*** Opening MATERIALS PROVIDED ***

lemma coeff1_cleared_eq:
  fixes t m :: real
  assumes "0 \<le> t" "0 \<le> m"
  shows "coeff1 (1 / (1 + t)) (6 / cubic_binom m t) (m + 3) * ((1 + t)^3 * (cubic_binom m t)^2) = coeff1_cleared m t"
proof -
  define D where "D = cubic_binom m t"
  have D: "D > 0" unfolding D_def using assms by (intro cubic_binom_pos)
  have t1: "1 + t > 0" using assms by auto
  define x where "x = 1 / (1 + t)"
  define y where "y = 6 / D"
  define X where "X = 1 + t"
  define k where "k = m + 3"
  have xX: "x * X = 1" unfolding x_def X_def using t1 by simp
  have yD: "y * D = 6" unfolding y_def using D by simp
  have "coeff1 x y k * (X^3 * D^2) = 5*(x*X)^2*X*D^2 - 3*(x*X)^3*D^2 + (y*D)*(5-5*k)*X^3*D + 3*(x*X)*(y*D)*X^2*D + (9*k-6)*(x*X)^2*(y*D)*X*D - 4*(k+1)*(y*D)^2*X^3"
    unfolding coeff1_def by algebra
  also have "\<dots> = 5*X*D^2 - 3*D^2 + 6*(5-5*k)*X^3*D + 18*X^2*D + 6*(9*k-6)*X*D - 144*(k+1)*X^3"
    by (simp add: xX yD)
  also have "\<dots> = coeff1_cleared m t"
    unfolding D_def cubic_binom_def X_def coeff1_cleared_def k_def by algebra
  finally show ?thesis unfolding x_def y_def X_def D_def k_def .
qed

lemma coeff0_cleared_eq:
  fixes t m :: real
  assumes "0 \<le> t" "0 \<le> m"
  shows "coeff0 (1 / (1 + t)) (6 / cubic_binom m t) (m + 3) * (2 * (1 + t)^3 * (cubic_binom m t)^2) = coeff0_cleared m t"
proof -
  define D where "D = cubic_binom m t"
  have D: "D > 0" unfolding D_def using assms by (intro cubic_binom_pos)
  have t1: "1 + t > 0" using assms by auto
  define x where "x = 1 / (1 + t)"
  define y where "y = 6 / D"
  define X where "X = 1 + t"
  define k where "k = m + 3"
  have xX: "x * X = 1" unfolding x_def X_def using t1 by simp
  have yD: "y * D = 6" unfolding y_def using D by simp
  have "coeff0 x y k * (2 * X^3 * D^2) = 4*k*(x*X)^2*X*D^2 - 4*k*(x*X)^3*D^2 + (y*D)*D*((2 + k - 3*k^2)*X^3 + 4*k*(x*X)*X^2 + (5*k^2 - k)*(x*X)^2*X) - 2*(k+1)^2*(y*D)^2*X^3"
    unfolding coeff0_def by algebra
  also have "\<dots> = 4*k*X*D^2 - 4*k*D^2 + 6*D*((2 + k - 3*k^2)*X^3 + 4*k*X^2 + (5*k^2 - k)*X) - 72*(k+1)^2*X^3"
    by (simp add: xX yD)
  also have "\<dots> = coeff0_cleared m t"
    unfolding D_def cubic_binom_def X_def coeff0_cleared_def k_def by algebra
  finally show ?thesis unfolding x_def y_def X_def D_def k_def .
qed
lemma finite_S_T: "finite (S \<union> T)"
proof -
  have "S \<union> T \<subseteq> V"
    using min_barrier bipartite unfolding min_barrier_def barrier_def bipartite_with_def by blast
  then show ?thesis using finite_V by (rule finite_subset)
qed

lemma finite_T: "finite T"
  using finite_S_T by simp

lemma delta_neg: "delta V E X S T < 0"
  using min_barrier unfolding min_barrier_def barrier_def by blast

lemma T_subset_X: "T \<subseteq> X"
proof
  fix u assume "u \<in> T"
  show "u \<in> X"
  proof (rule ccontr)
    assume "u \<notin> X"
    then have "delta V E X S (T - {u}) \<le> delta V E X S T"
      using delta_remove_le[OF finite_V symp_E finite_T \<open>u \<in> T\<close>, where X = X and S = S]
        card_adjacent_odd_comps_le_deg_minus[OF finite_V symp_E, of S T u] by simp
    then show False
      using min_barrier_delta_remove_nonneg[OF min_barrier finite_S_T \<open>u \<in> T\<close>] delta_neg by simp
  qed
qed

lemma deg_minus_le_card_adjacent_odd_comps:
  assumes "u \<in> T"
  shows "deg_minus V E S u \<le> card {C \<in> odd_comps V E S T. \<exists>w\<in>C. E u w}"
proof (rule ccontr)
  assume "\<not> ?thesis"
  moreover have "u \<in> X" using T_subset_X assms by blast
  ultimately have "delta V E X S (T - {u}) \<le> delta V E X S T + 1"
    using delta_remove_le[OF finite_V symp_E finite_T assms, where X = X and S = S] by simp
  moreover have "even (delta V E X S (T - {u}))"
    using T_subset_X by (intro delta_even[OF bipartite]) blast
  moreover have "even (delta V E X S T)"
    using bipartite T_subset_X by (rule delta_even)
  ultimately have "delta V E X S (T - {u}) \<le> delta V E X S T" by presburger
  then show False
    using min_barrier_delta_remove_nonneg[OF min_barrier finite_S_T assms] delta_neg by simp
qed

*** Closing MATERIALS PROVIDED ***

PROBLEM TO WORK ON - All lines from the one that contains "using bipartite T_subset_X" through the end of the listing above should be copied exactly, with nothing else.

ANSWER -
    using bipartite T_subset_X by (rule delta_even)
  ultimately have "delta V E X S (T - {u}) \<le> delta V E X S T" by presburger
  then show False
    using min_barrier_delta_remove_nonneg[OF min_barrier finite_S_T assms] delta_neg by simp
qed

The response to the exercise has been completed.